The chronology chart offers a snapshot of historical events and people at Great Falls.
Over ten thousand years of human history can be experienced here.
Source: National Park Service-Great Falls
Great Falls Park (Photo: Wikipedia)
10,500 BC Paleo-Indians were the first people known to inhabit the area.
8,000 BC - 1700 The area around Great Falls served as a meeting place for Native Americans, especially members of the Powhatan Confederacy and the Iroquois Nation.
1649 King Charles II of England gave all the land between the Rappahanock and Potomac rivers to seven Englishmen as property.
1719 Thomas (6th Baron) Lord Fairfax inherited the property.
1737 Thomas Lord Fairfax set aside 12,588 acres in the area of Great Falls for himself.
1759 Bryan (8th Baron) Lord Fairfax (close friend of George Washington) received some of the land near Great Falls from his cousin, Thomas Lord Fairfax.
1785-1828 The Patowmack Canal Company constructed and operated at Great Falls one of five skirting canals designed to make the Potomac River navigable to the Ohio River Valley. The town of Matildaville (chartered in 1790) served as headquarters for the Company and home for the workers. The company went bankrupt and turned over its assets to the newly formed Chesapeake and Ohio Canal company in 1828.
1833 Much of the property that is now Great Falls Park was acquired by Albert Fairfax and later sold at auction to pay debts. It was purchased by three men: Hall Neilson, Thomas C. Jones, and William A. Bradley.

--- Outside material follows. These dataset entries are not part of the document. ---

text \<open>If the cells of \<open>center k j\<close> stop being full below generation \<open>M\<close>, the factor \<open>N^(-2k)\<close>
  in the weight beats the growth of \<open>N^M\<close> and of the mass ratios, with room to spare.\<close>

lemma energy_le_below_full:
  assumes "j < 2^k" "I \<in> sets borel" "M < k"
    and nonfull: "\<And>m. m \<le> k \<Longrightarrow> \<not> full I m (ancestor k j m) \<longleftrightarrow> m \<le> M"
  shows "energy I k j \<le> (1/64)^(k - Suc M) * mass (Suc M) (ancestor k j (Suc M))"
proof -
  define d where "d = k - Suc M"
  define m1 where "m1 = mass (Suc M) (ancestor k j (Suc M))"
  have k: "k = M + d + 1" using assms(3) by (simp add: d_def)
  have I: "I \<in> sets \<omega>" using assms(2) sets_\<omega> by simp
  have pos: "0 < mass k j" by (rule mass_pos[OF assms(1)])
  have "ancestor k j (Suc M) < 2^Suc M" using ancestor_less[OF assms(1), of "Suc M"] assms(3) by simp
  then have child: "mass M (ancestor k j M) \<le> 3 * m1"
    using mass_le_3_mass_child ancestor_Suc_div2[OF assms(3), of j] by (fastforce simp: m1_def)
  have "\<not> full I m (ancestor k j m)" if "m \<le> M" for m
    using nonfull[of m] that assms(3) by simp
  moreover have "full I m (ancestor k j m)" if "M < m" "m \<le> k" for m
    using nonfull[of m] that by simp
  ultimately have "(\<Sum>m\<le>k. nonfull_weight I k j m) = (\<Sum>m\<le>M. real N ^ m * mass m (ancestor k j m))"
    using assms(3) by (intro sum.mono_neutral_cong_right) (auto simp: nonfull_weight_def)
  also have "\<dots> \<le> 2 * real N ^ M * mass M (ancestor k j M)"
    using sum_weight_ancestors_le[OF N_ge_6 assms(1)] assms(3) by simp
  also have "\<dots> \<le> 2 * real N ^ M * (3 * m1)"
    using child by (intro mult_left_mono) auto
  finally have "\<bar>step_value I k j\<bar> \<le> 6 * real N ^ M * m1"
    using abs_step_value_le[OF assms(1) I] by simp
  then have "energy I k j \<le> len (2 * k) / mass k j * (6 * real N ^ M * m1)^2"
    by (rule energy_le[OF assms(1,2)])
  also have "\<dots> = (real N ^ (2 * M) * len (2 * k) * 36) * (m1 * (m1 / mass k j))"
  proof -
    have "real N ^ (2 * M) = real N ^ M * real N ^ M" by (simp add: mult_2 power_add)
    then show ?thesis using pos by (simp add: power_mult_distrib field_simps power2_eq_square)
  qed
  also have "\<dots> \<le> (real N ^ (2 * M) * len (2 * k) * 36) * (m1 * 3^d)"
    using mass_ancestor_le[OF assms(1), of "Suc M" d] k pos
    by (intro mult_left_mono) (auto simp: m1_def divide_le_eq)
  also have "\<dots> = (real N ^ (2 * M) * len (2 * (M + d + 1)) * 36 * 3^d) * m1"
    using k by (simp add: algebra_simps)
  also have "\<dots> \<le> (1/64)^d * m1"
    using power_mult_len_decay[of M d] by (intro mult_right_mono) (auto simp: m1_def)
  finally show ?thesis by (simp add: d_def m1_def)
qed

1839 Neilson, Jones, and Bradley organized the Great Falls Manufacturing Company to develop a large textile milling operation utilizing water power from the river. They re-chartered Matildaville as South Lowell, modeling it after the textile mill town of Lowell, Massachusetts.
1855-1867 The U.S. Army Corps of Engineers constructed the Aqueduct Dam (the park’s northern boundary) to supply water for the District of Columbia.
A lock on the Potomac (Patowmack) Canal, Great Falls Park, Va. By Naomi Whetzel. Printed Nov. 1988, and probably taken about then.
1895-1900 The Great Falls Manufacturing Company was reorganized as the Great Falls Power Company in order to develop hydroelectric power, but later sold out to the Potomac Electric and Power Company.
1906 Great Falls Amusement Park opened and a light rail line was built from Georgetown to Great Falls. The rail line eventually merged with the Washington and Old Dominion Railroad.
1912 The Daughters of the American Revolution placed a brass plaque on a boulder overlooking the falls, to honor George Washington.
1930 Congress enacted the Capper-Crampton Act, which established the George Washington Memorial Parkway. It included a provision that Great Falls Park would eventually be included to provide protection and preservation for the historic Patowmack Canal and the natural scenery.
1947-1952 Potomac Edison Power Company (PEPCO) became the sole owner of about 800 acres of the area. The Washington and Old Dominion Railroad continued to own and operate the amusement park until 1952.
1952 Fairfax County purchased 16 acres from the railroad. These 16 acres became the county’s first park land. The owner of the original carousel dismantled and sold it because he “did not want to work for the county.” Another carousel began operation in 1954 and continued operations until 1972, when it was destroyed by Hurricane Agnes.
1956 The Nature Conservancy made efforts to explore ways to preserve the area still owned by PEPCO.
1958 Fairfax County planned to condemn the PEPCO property with intentions of starting a county park.
1960 The National Park Service (NPS) leased the property from PEPCO and the land was administered jointly by the NPS and Fairfax County.
1965 The NPS was authorized to acquire 783 acres at Great Falls. The NPS signed an agreement with Fairfax County to acquire the County’s 16 acres.
1966 NPS acquired the Great Falls land and started operations of Great Falls Park as a unit of the George Washington Memorial Parkway.
1969 The Patomack Canal Historic District was designated a National Civil Engineering Landmark by the American Society of Civil Engineers. A commemorative brass plaque was placed on a boulder next to Lock 1 of the Canal.
1983 The ruins of the Patowmack Canal and Matildaville were declared a National Historic Landmark by the Secretary of the Interior.